Fibrillar amyloid-beta (Aβ) is found in the brains of many cognitively normal older people. Whether or not this reflects a predisposition to Alzheimer's disease (AD) is unknown. We used Pittsburgh ...Compound B (PiB) PET to characterize the relationship between fibrillar Aβ burden and this predisposition in cognitively normal older people at 3 mean levels of genetic risk for AD. Dynamic PiB PET scans, the Logan method, statistical parametric mapping, and automatically labeled regions of interest (ROIs) were used to characterize and compare cerebral-to-cerebellar PIB distribution volume ratios, reflecting fibrillar Aβ burden, in 28 cognitively normal persons (mean age, 64 years) with a reported family history of AD and 2 copies, 1 copy, and no copies of the apolipoprotein E (APOE) ε4 allele. The 8 ε4 homozygotes, 8 heterozygotes, and 12 noncarriers did not differ significantly in terms of age, sex, or cognitive scores.
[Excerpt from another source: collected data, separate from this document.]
lemma hform_cauchy_schwarz:
  assumes "psd K d A" "field_choice K" "\<And>a. a < d \<Longrightarrow> u a \<in> K" "\<And>a. a < d \<Longrightarrow> x a \<in> K"
  shows "(hform d A x u)\<^sup>2 \<le> hform d A x x * hform d A u u"
proof (rule quadratic_nonneg_discriminant)
  fix t :: real
  have "0 \<le> hform d A (\<lambda>a. u a + complex_of_real t * x a) (\<lambda>a. u a + complex_of_real t * x a)"
    using assms by (intro hform_nonneg[OF assms(1)] field_choice_add field_choice_mult field_choice_of_real)
  also have "\<dots> = hform d A u u + 2 * t * hform d A x u + t\<^sup>2 * hform d A x x"
    unfolding hform_line using hform_commute[OF psd_hermitian[OF assms(1)], of u x] by simp
  finally show "0 \<le> hform d A u u + 2 * t * hform d A x u + t\<^sup>2 * hform d A x x" .
next
  show "0 \<le> hform d A x x" using assms by (intro hform_nonneg[OF assms(1)])
qed

lemma hinner_hermitian_eq:
  assumes "hermitian d A" "M \<in> carrier_mat d d"
  shows "hinner A M = (\<Sum>i<d. \<Sum>j<d. Re (A $$ (i,j) * M $$ (j,i)))"
proof -
  have A: "adj A = A" "A \<in> carrier_mat d d" using assms(1) unfolding hermitian_def by auto
  have "(A * M) $$ (i,i) = (\<Sum>j<d. A $$ (i,j) * M $$ (j,i))" if "i < d" for i
    using A assms(2) that by (simp add: scalar_prod_def atLeast0LessThan)
  then show ?thesis
    unfolding hinner_def mtrace_def A(1) using A(2) by (simp add: Re_sum)
qed
lemma closer_has_neighbour:
  assumes "w \<in> closer V E u v" "w \<noteq> u"
  obtains z where "E w z"
proof -
  have "gdist V E w u < gdist V E w v"
    using assms(1) by (simp add: closer_def)
  then have "gdist V E w u \<noteq> \<infinity>"
    by (metis enat_ord_simps(6))
  then show thesis
    using assms(2) that by (rule gdist_finite_imp_neighbour)
qed

section \<open>The Mostar index as a double sum\<close>

definition edge_imbalance :: "'a set \<Rightarrow> ('a \<Rightarrow> 'a \<Rightarrow> bool) \<Rightarrow> 'a \<Rightarrow> 'a \<Rightarrow> real" where
  "edge_imbalance V E u v =
     (if E u v then \<bar>real (n_closer V E u v) - real (n_closer V E v u)\<bar> else 0)"

lemma edge_imbalance_commute:
  "simple_graph V E \<Longrightarrow> edge_imbalance V E u v = edge_imbalance V E v u"
  by (auto simp: edge_imbalance_def simple_graph_def abs_minus_commute)

lemma mostar_eq_double_sum:
  assumes "finite V"
  shows "mostar V E = (\<Sum>u\<in>V. \<Sum>v\<in>V. edge_imbalance V E u v) / 2"
proof -
  have "{(u, v). u \<in> V \<and> v \<in> V \<and> E u v} = {p \<in> V \<times> V. E (fst p) (snd p)}"
    by auto
  then show ?thesis
    using assms unfolding mostar_def edge_imbalance_def
    by (simp add: sum.inter_filter sum.cartesian_product case_prod_beta)
qed

lemma sum_Un_square_symmetric:
  fixes F :: "'a \<Rightarrow> 'a \<Rightarrow> 'b::comm_semiring_1"
  assumes "finite A" "finite B" "A \<inter> B = {}" "\<And>x y. F x y = F y x"
  shows "(\<Sum>x\<in>A \<union> B. \<Sum>y\<in>A \<union> B. F x y)
    = (\<Sum>x\<in>A. \<Sum>y\<in>A. F x y) + 2 * (\<Sum>x\<in>A. \<Sum>y\<in>B. F x y) + (\<Sum>x\<in>B. \<Sum>y\<in>B. F x y)"
proof -
  have "(\<Sum>x\<in>B. \<Sum>y\<in>A. F x y) = (\<Sum>x\<in>A. \<Sum>y\<in>B. F x y)"
    by (subst sum.swap) (simp add: assms(4))
  then show ?thesis
    using assms(1-3) by (simp add: sum.union_disjoint sum.distrib algebra_simps mult_2)
qed

lemma card_pairs_disagree:
  assumes "finite A"
  shows "card {p \<in> A \<times> A. P (fst p) \<noteq> P (snd p)}
    = 2 * card {x \<in> A. P x} * (card A - card {x \<in> A. P x})"
proof -
  let ?Y = "{x \<in> A. P x}" and ?N = "{x \<in> A. \<not> P x}"
  have "{p \<in> A \<times> A. P (fst p) \<noteq> P (snd p)} = ?Y \<times> ?N \<union> ?N \<times> ?Y"
    by auto
  moreover have "card (?Y \<times> ?N \<union> ?N \<times> ?Y) = card (?Y \<times> ?N) + card (?N \<times> ?Y)"
    using assms by (intro card_Un_disjoint) auto
  moreover have "card ?N = card A - card ?Y"
    using assms by (subst card_Diff_subset[symmetric]) (auto intro: arg_cong[where f = card])
  ultimately show ?thesis
    by (simp add: card_cartesian_product)
qed

section \<open>Split graphs\<close>

locale split_graph =
  fixes V C I :: "'a set" and E :: "'a \<Rightarrow> 'a \<Rightarrow> bool"
  assumes simple: "simple_graph V E"
    and partition: "V = C \<union> I" "C \<inter> I = {}"
    and clique: "\<forall>x\<in>C. \<forall>y\<in>C. x \<noteq> y \<longrightarrow> E x y"
    and indep: "\<forall>x\<in>I. \<forall>y\<in>I. \<not> E x y"
begin

lemma finite_V: "finite V" and finite_C: "finite C" and finite_I: "finite I"
  using simple partition by (auto simp: simple_graph_def)

lemma edge_sym: "E x y \<Longrightarrow> E y x"
  using simple by (simp add: simple_graph_def)

lemma edge_irrefl: "\<not> E x x"
  using simple by (simp add: simple_graph_def)

lemma neighbour_of_indep_in_clique: "w \<in> I \<Longrightarrow> E w z \<Longrightarrow> z \<in> C"
  using simple partition indep unfolding simple_graph_def by blast

definition cdeg :: "'a \<Rightarrow> nat" where
  "cdeg x = card {u \<in> C. E u x}"

lemma cdeg_le_card_C: "cdeg x \<le> card C"
  unfolding cdeg_def using finite_C by (intro card_mono) auto

lemma closer_indep_clique:
  assumes u: "u \<in> C" and v: "v \<in> I" and uv: "E u v"
  shows "closer V E v u = {v}"
proof -
  have "w = v" if w: "w \<in> closer V E v u" for w
  proof (rule ccontr)
    assume "w \<noteq> v"
    with w obtain z where wz: "E w z"
      by (rule closer_has_neighbour)
    have "w \<noteq> u"
      using w target_notin_closer[of u V E v] u partition by auto
    then have "\<not> E w u"
      using simple w \<open>w \<noteq> v\<close> closer_not_adjacent by metis
    then have "w \<in> I"
      using w u \<open>w \<noteq> u\<close> clique partition by (auto simp: closer_def)
    then have "z = u \<or> E z u"
      using wz u clique neighbour_of_indep_in_clique by blast
    with simple w wz have "w = v \<or> E w v"
      by (rule closer_adjacent_if_near_target)
    then show False
      using \<open>w \<noteq> v\<close> \<open>w \<in> I\<close> v indep by blast
  qed
  moreover have "v \<in> closer V E v u"
    using v uv edge_irrefl partition by (intro self_in_closer) auto
  ultimately show ?thesis
    by blast
qed

lemma n_closer_clique_indep_le:
  assumes u: "u \<in> C" and v: "v \<in> I" and uv: "E u v"
  shows "n_closer V E u v + cdeg v \<le> card V"
proof -
  define D where "D = {w \<in> C. E w v}"
  define R where "R = insert v (D - {u})"
  have "finite D" "u \<in> D" "v \<notin> D"
    using finite_C u v uv partition by (auto simp: D_def)
  then have "card R = card D"
    unfolding R_def by (metis Diff_iff card.remove card_insert_disjoint finite_Diff)
  have "closer V E u v \<inter> R = {}"
    using target_notin_closer[of v V E u] closer_not_adjacent[OF simple, of _ u v] v partition
    unfolding R_def D_def by blast
  then have "card (closer V E u v) + card R = card (closer V E u v \<union> R)"
    using finite_closer[OF finite_V] \<open>finite D\<close> unfolding R_def
    by (intro card_Un_disjoint[symmetric]) auto
  also have "\<dots> \<le> card V"
    using v partition finite_V by (intro card_mono) (auto simp: closer_def R_def D_def)
  finally show ?thesis
    using \<open>card R = card D\<close> by (simp add: n_closer_eq_card_closer cdeg_def D_def)
qed

lemma edge_imbalance_clique_indep_le:
  assumes u: "u \<in> C" and v: "v \<in> I"
  shows "edge_imbalance V E u v \<le> (if E u v then real (card V) - 1 - real (cdeg v) else 0)"
proof (cases "E u v")
  case True
  have "n_closer V E v u = 1"
    using closer_indep_clique[OF u v True] by (simp add: n_closer_eq_card_closer)
  moreover have "1 \<le> n_closer V E u v"
    using u True edge_irrefl partition finite_V by (intro one_le_n_closer) auto
  moreover have "n_closer V E u v + cdeg v \<le> card V"
    using u v True by (rule n_closer_clique_indep_le)
  ultimately show ?thesis
    using True by (simp add: edge_imbalance_def)
qed (simp add: edge_imbalance_def)

lemma closer_clique_subset:
  assumes u: "u \<in> C" and v: "v \<in> C" and "u \<noteq> v"
  shows "closer V E u v \<subseteq> insert u {x \<in> I. E u x \<and> \<not> E v x}"
proof
  fix w
  assume w: "w \<in> closer V E u v"
  show "w \<in> insert u {x \<in> I. E u x \<and> \<not> E v x}"
  proof (cases "w = u")
    case False
    with simple w have "\<not> E w v"
      by (rule closer_not_adjacent)
    moreover have "w \<noteq> v"
      using w target_notin_closer[of v V E u] v partition by auto
    ultimately have "w \<in> I"
      using w v clique partition by (auto simp: closer_def)
    obtain z where wz: "E w z"
      using w False by (rule closer_has_neighbour)
    then have "z = v \<or> E z v"
      using \<open>w \<in> I\<close> v clique neighbour_of_indep_in_clique by blast
    then have "E w u"
      using closer_adjacent_if_near_target[OF simple w wz] False by blast
    then show ?thesis
      using \<open>w \<in> I\<close> \<open>\<not> E w v\<close> edge_sym by blast
  qed simp
qed

lemma edge_imbalance_clique_le:
  assumes u: "u \<in> C" and v: "v \<in> C"
  shows "edge_imbalance V E u v \<le> real (card {x \<in> I. E u x \<noteq> E v x})"
proof (cases "u = v")
  case False
  define A where "A = {x \<in> I. E u x \<and> \<not> E v x}"
  define B where "B = {x \<in> I. E v x \<and> \<not> E u x}"
  have "finite A" "finite B"
    using finite_I by (simp_all add: A_def B_def)
  have "n_closer V E u v \<le> card (insert u A)"
    using closer_clique_subset[OF u v False] \<open>finite A\<close>
    by (simp add: n_closer_eq_card_closer A_def card_mono)
  then have "n_closer V E u v \<le> Suc (card A)"
    using \<open>finite A\<close> by (simp add: card_insert_if split: if_splits)
  moreover have "n_closer V E v u \<le> card (insert v B)"
    using closer_clique_subset[OF v u] False \<open>finite B\<close>
    by (simp add: n_closer_eq_card_closer B_def card_mono)
  then have "n_closer V E v u \<le> Suc (card B)"
    using \<open>finite B\<close> by (simp add: card_insert_if split: if_splits)
  moreover have "1 \<le> n_closer V E u v" "1 \<le> n_closer V E v u"
    using one_le_n_closer[OF finite_V] u v False partition by auto
  moreover have "card {x \<in> I. E u x \<noteq> E v x} = card A + card B"
  proof -
    have "{x \<in> I. E u x \<noteq> E v x} = A \<union> B"
      by (auto simp: A_def B_def)
    then show ?thesis
      using \<open>finite A\<close> \<open>finite B\<close> by (simp add: card_Un_disjoint A_def B_def disjoint_iff)
  qed
  ultimately show ?thesis
    unfolding edge_imbalance_def by (simp add: abs_le_iff)
qed (simp add: edge_imbalance_def edge_irrefl)

lemma sum_edge_imbalance_clique_le:
  "(\<Sum>u\<in>C. \<Sum>v\<in>C. edge_imbalance V E u v)
    \<le> (\<Sum>x\<in>I. 2 * real (cdeg x) * (real (card C) - real (cdeg x)))"
proof -
  have "(\<Sum>u\<in>C. \<Sum>v\<in>C. edge_imbalance V E u v)
      \<le> (\<Sum>u\<in>C. \<Sum>v\<in>C. real (card {x \<in> I. E u x \<noteq> E v x}))"
    by (intro sum_mono edge_imbalance_clique_le)
  also have "\<dots> = real (\<Sum>p\<in>C \<times> C. card {x \<in> I. E (fst p) x \<noteq> E (snd p) x})"
    by (simp add: sum.cartesian_product case_prod_beta)
  also have "\<dots> = real (\<Sum>x\<in>I. card {p \<in> C \<times> C. E (fst p) x \<noteq> E (snd p) x})"
    using finite_C finite_I by (subst sum_multicount_gen) auto
  also have "\<dots> = (\<Sum>x\<in>I. real (card {p \<in> C \<times> C. E (fst p) x \<noteq> E (snd p) x}))"
    by (rule of_nat_sum)
  also have "\<dots> = (\<Sum>x\<in>I. 2 * real (cdeg x) * (real (card C) - real (cdeg x)))"
  proof (rule sum.cong[OF refl])
    fix x
    show "real (card {p \<in> C \<times> C. E (fst p) x \<noteq> E (snd p) x})
        = 2 * real (cdeg x) * (real (card C) - real (cdeg x))"
      using card_pairs_disagree[OF finite_C, of "\<lambda>u. E u x"] cdeg_le_card_C[of x]
      by (simp add: cdeg_def of_nat_diff)
  qed
  finally show ?thesis .
qed

lemma sum_edge_imbalance_clique_indep_le:
  "(\<Sum>u\<in>C. \<Sum>v\<in>I. edge_imbalance V E u v)
    \<le> (\<Sum>v\<in>I. real (cdeg v) * (real (card V) - 1 - real (cdeg v)))"
proof -
  have "(\<Sum>u\<in>C. \<Sum>v\<in>I. edge_imbalance V E u v)
      \<le> (\<Sum>u\<in>C. \<Sum>v\<in>I. if E u v then real (card V) - 1 - real (cdeg v) else 0)"
    by (intro sum_mono edge_imbalance_clique_indep_le)
  also have "\<dots> = (\<Sum>v\<in>I. \<Sum>u\<in>C. if E u v then real (card V) - 1 - real (cdeg v) else 0)"
    by (rule sum.swap)
  also have "\<dots> = (\<Sum>v\<in>I. real (cdeg v) * (real (card V) - 1 - real (cdeg v)))"
    using finite_C by (simp add: cdeg_def flip: sum.inter_filter)
  finally show ?thesis .
qed

lemma card_crossing_edges_eq_sum_cdeg:
  "card {(x, y). x \<in> C \<and> y \<in> I \<and> E x y} = (\<Sum>y\<in>I. cdeg y)"
proof -
  have "{(x, y). x \<in> C \<and> y \<in> I \<and> E x y} = (SIGMA x:C. {y \<in> I. E x y})"
    by auto
  then have "card {(x, y). x \<in> C \<and> y \<in> I \<and> E x y} = (\<Sum>x\<in>C. card {y \<in> I. E x y})"
    using finite_C finite_I by simp
  also have "\<dots> = (\<Sum>y\<in>I. cdeg y)"
    unfolding cdeg_def using finite_C finite_I by (intro sum_multicount_gen) auto
  finally show ?thesis .
qed

lemma card_crossing_edges_le: "card {(x, y). x \<in> C \<and> y \<in> I \<and> E x y} \<le> card C * card I"
proof -
  have "card {(x, y). x \<in> C \<and> y \<in> I \<and> E x y} \<le> card (C \<times> I)"
    using finite_C finite_I by (intro card_mono) auto
  then show ?thesis
    by (simp add: card_cartesian_product)
qed
section \<open>Summing the signed weights over a fibre\<close>

lemma power_card_filter:
  "finite A \<Longrightarrow> (c::'a::comm_monoid_mult) ^ card {x \<in> A. P x} = (\<Prod>x\<in>A. if P x then c else 1)"
  by (simp add: prod.inter_filter[symmetric])

lemma sum_Pow_prod_if:
  fixes f g :: "'a \<Rightarrow> 'b::comm_semiring_1"
  assumes B: "finite B" and AB: "A \<subseteq> B"
  shows "(\<Sum>X\<in>Pow A. \<Prod>v\<in>B. if v \<in> X then f v else g v)
    = (\<Prod>v\<in>B. if v \<in> A then f v + g v else g v)"
proof -
  have A: "finite A" using B AB by (rule finite_subset[rotated])
  have split: "(\<Prod>v\<in>B. if v \<in> X then f v else g v)
      = (\<Prod>v\<in>X. f v) * (\<Prod>v\<in>A - X. g v) * (\<Prod>v\<in>B - A. g v)" if X: "X \<subseteq> A" for X
  proof -
    have "B \<inter> - X = (A - X) \<union> (B - A)" and "B \<inter> {v. v \<in> X} = X" using X AB by auto
    then show ?thesis
      using B A by (simp add: prod.If_cases prod.union_disjoint Diff_Int_distrib2 mult.assoc)
  qed
  have "(\<Prod>v\<in>B. if v \<in> A then f v + g v else g v) = (\<Prod>v\<in>A. f v + g v) * (\<Prod>v\<in>B - A. g v)"
    using B AB by (simp add: prod.If_cases Int_absorb1 Diff_eq)
  also have "\<dots> = (\<Sum>X\<in>Pow A. (\<Prod>v\<in>X. f v) * (\<Prod>v\<in>A - X. g v) * (\<Prod>v\<in>B - A. g v))"
    by (simp add: prod_add[OF A] sum_distrib_right)
  finally show ?thesis using split by simp
qed

text \<open>The factor of wbar charged to the vertex v: its crossing sign and the steps leaving
  W_v and S_v.\<close>
definition local_wbar :: "nat \<Rightarrow> real \<Rightarrow> real \<Rightarrow> real \<Rightarrow> (mid \<Rightarrow> mid) \<Rightarrow> nat \<times> nat \<Rightarrow> real" where
  "local_wbar n \<alpha> \<beta> \<gamma> \<rho> v = (if crossing n \<rho> v then -1 else 1)
     * (if \<rho> (Blk (minus1 n v)) = Blk v then \<alpha> else 1)
     * (if \<rho> (Wht (minus2 n v)) = Wht v then \<beta> else 1)
     * (if \<rho> (Blk (minus1 n v)) = Wht v then \<gamma> else 1)
     * (if \<rho> (Wht (minus2 n v)) = Blk v then \<gamma> else 1)"

context torus
begin

lemma power_card_plus1:
  "(c::'a::comm_monoid_mult) ^ card {u \<in> tor n. P u (plus1 n u)}
    = (\<Prod>v\<in>tor n. if P (minus1 n v) v then c else 1)"
proof -
  have "c ^ card {u \<in> tor n. P u (plus1 n u)}
      = (\<Prod>u\<in>tor n. (\<lambda>v. if P (minus1 n v) v then c else 1) (plus1 n u))"
    by (simp add: power_card_filter)
  also have "\<dots> = (\<Prod>v\<in>tor n. if P (minus1 n v) v then c else 1)"
    by (rule prod.reindex_bij_betw[OF bij_betw_plus1])
  finally show ?thesis .
qed
(* Let $T\in\mathbb{B}(\mathscr{H})$. Then \[ \omega^{2}(T)+\inf_{x\in\mathscr{H},\ \|x\|=1}\left\{\left|\langle |T||T^*|x,x\rangle-\langle |T|x,x\rangle\langle |T^*|x,x\rangle\right|\right\}\le\frac12\left\||T|^{2}+|T^*|^{2}\right\|. \]
   Context: $\mathbb{B}(\mathscr{H})$ is the algebra of bounded operators on a complex Hilbert space $\mathscr{H}$; $|T|=(T^*T)^{1/2}$, $|T^*|=(TT^* )^{1/2}$; $\omega(T)=\sup_{\|x\|=1}|\langle Tx,x\rangle|$ is the numerical radius, and $\|\cdot\|$ is the operator norm. *)

theory Defs
  imports "HOL-Analysis.Analysis"
begin

class complex_vector = real_vector +
  fixes scaleC :: "complex \<Rightarrow> 'a \<Rightarrow> 'a" (infixr \<open>*\<^sub>C\<close> 75)
  assumes scaleC_add_right: "a *\<^sub>C (x + y) = a *\<^sub>C x + a *\<^sub>C y"
    and scaleC_add_left: "(a + b) *\<^sub>C x = a *\<^sub>C x + b *\<^sub>C x"
    and scaleC_scaleC: "a *\<^sub>C (b *\<^sub>C x) = (a * b) *\<^sub>C x"
    and scaleC_one: "1 *\<^sub>C x = x"
    and scaleR_scaleC: "scaleR r x = complex_of_real r *\<^sub>C x"

class complex_inner = complex_vector + real_normed_vector +
  fixes cinner :: "'a \<Rightarrow> 'a \<Rightarrow> complex"
  assumes cinner_conj_sym: "cinner x y = cnj (cinner y x)"
    and cinner_add_left: "cinner (x + y) z = cinner x z + cinner y z"
    and cinner_scaleC_left: "cinner (a *\<^sub>C x) y = a * cinner x y"
    and cinner_nonneg: "0 \<le> Re (cinner x x)"
    and cinner_eq_zero_iff: "cinner x x = 0 \<longleftrightarrow> x = 0"
    and norm_eq_sqrt_cinner: "norm x = sqrt (Re (cinner x x))"

class chilbert_space = complex_inner + complete_space

definition bounded_clinear :: "('a::{complex_vector,real_normed_vector} \<Rightarrow> 'b::{complex_vector,real_normed_vector}) \<Rightarrow> bool"
  where "bounded_clinear T \<longleftrightarrow>
     (\<forall>x y. T (x + y) = T x + T y) \<and> (\<forall>c x. T (c *\<^sub>C x) = c *\<^sub>C T x) \<and>
     (\<exists>K. \<forall>x. norm (T x) \<le> norm x * K)"

definition adj :: "('a::chilbert_space \<Rightarrow> 'a) \<Rightarrow> ('a \<Rightarrow> 'a)"
  where "adj T = (SOME S. \<forall>x y. cinner (T x) y = cinner x (S y))"

definition positive_op :: "('a::chilbert_space \<Rightarrow> 'a) \<Rightarrow> bool"
  where "positive_op A \<longleftrightarrow> bounded_clinear A \<and>
     (\<forall>x. Im (cinner (A x) x) = 0 \<and> 0 \<le> Re (cinner (A x) x))"

definition op_sqrt :: "('a::chilbert_space \<Rightarrow> 'a) \<Rightarrow> ('a \<Rightarrow> 'a)"
  where "op_sqrt P = (THE R. positive_op R \<and> R \<circ> R = P)"

definition abs_op :: "('a::chilbert_space \<Rightarrow> 'a) \<Rightarrow> ('a \<Rightarrow> 'a)"
  where "abs_op T = op_sqrt (adj T \<circ> T)"

definition numerical_radius :: "('a::chilbert_space \<Rightarrow> 'a) \<Rightarrow> real"
  where "numerical_radius T = (SUP x\<in>{x. norm x = 1}. cmod (cinner (T x) x))"

end

theory Submission
  imports Defs
begin

(* With A = |T| and B = |T*| one has T A = B T and B^2 = T T*.  These two relations give the
   mixed Schwarz inequality |<Tx,y>|^2 <= <Ax,x> <By,y>, proved by factoring T* y through the
   invertible operator A + e and letting e tend to 0.  For a unit vector x write Ax = ax + u and
   Bx = bx + v with u, v orthogonal to x; the defect <ABx,x> - <Ax,x><Bx,x> is then <v,u>, so
   |<Tx,x>|^2 + |<v,u>| <= ab + |u| |v| <= |Ax| |Bx| <= <(A^2 + B^2)x,x> / 2.
   The positive square roots behind |T| and |T*| are constructed as limits of the monotone
   iteration Y |-> (Q + Y^2) / 2 for the contraction Q = I - P / M. *)

lemma scaleC_diff_right: "a *\<^sub>C ((x::'a::complex_vector) - y) = a *\<^sub>C x - a *\<^sub>C y"
  by (metis add_diff_cancel diff_add_cancel scaleC_add_right)

lemma cinner_zero_left [simp]: "cinner 0 (y::'a::complex_inner) = 0"
  by (metis add_cancel_right_right add_0 cinner_add_left)

lemma cinner_zero_right [simp]: "cinner (x::'a::complex_inner) 0 = 0"
  by (subst cinner_conj_sym) simp

lemma cinner_add_right: "cinner (x::'a::complex_inner) (y + z) = cinner x y + cinner x z"
  by (subst (1 2 3) cinner_conj_sym) (simp add: cinner_add_left)

lemma cinner_scaleC_right: "cinner (x::'a::complex_inner) (a *\<^sub>C y) = cnj a * cinner x y"
  by (subst (1 2) cinner_conj_sym) (simp add: cinner_scaleC_left)

lemma cinner_diff_left: "cinner ((x::'a::complex_inner) - y) z = cinner x z - cinner y z"
  by (metis add_diff_cancel diff_add_cancel cinner_add_left)

lemma cinner_diff_right: "cinner (x::'a::complex_inner) (y - z) = cinner x y - cinner x z"
  by (metis add_diff_cancel diff_add_cancel cinner_add_right)

lemma cinner_scaleR_left: "cinner (r *\<^sub>R (x::'a::complex_inner)) y = of_real r * cinner x y"
  by (simp add: scaleR_scaleC cinner_scaleC_left)

lemma cinner_scaleR_right: "cinner (x::'a::complex_inner) (r *\<^sub>R y) = of_real r * cinner x y"
  by (simp add: scaleR_scaleC cinner_scaleC_right)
Fibrillar Aβ was significantly associated with APOE ε4 carrier status and ε4 gene dose in AD-affected mean cortical, frontal, temporal, posterior cingulate-precuneus, parietal, and basal ganglia ROIs, and was highest in an additional homozygote who had recently developed mild cognitive impairment. These findings suggest that fibrillar Aβ burden in cognitively normal older people is associated with APOE ε4 gene dose, the major genetic risk factor for AD. Additional studies are needed to track fibrillar Aβ accumulation in persons with different kinds and levels of AD risk; to determine the extent to which fibrillar Aβ, alone or in combination with other biomarkers and risk factors, predicts rates of cognitive decline and conversion to clinical AD; and to establish the role of fibrillar Aβ imaging in primary prevention trials.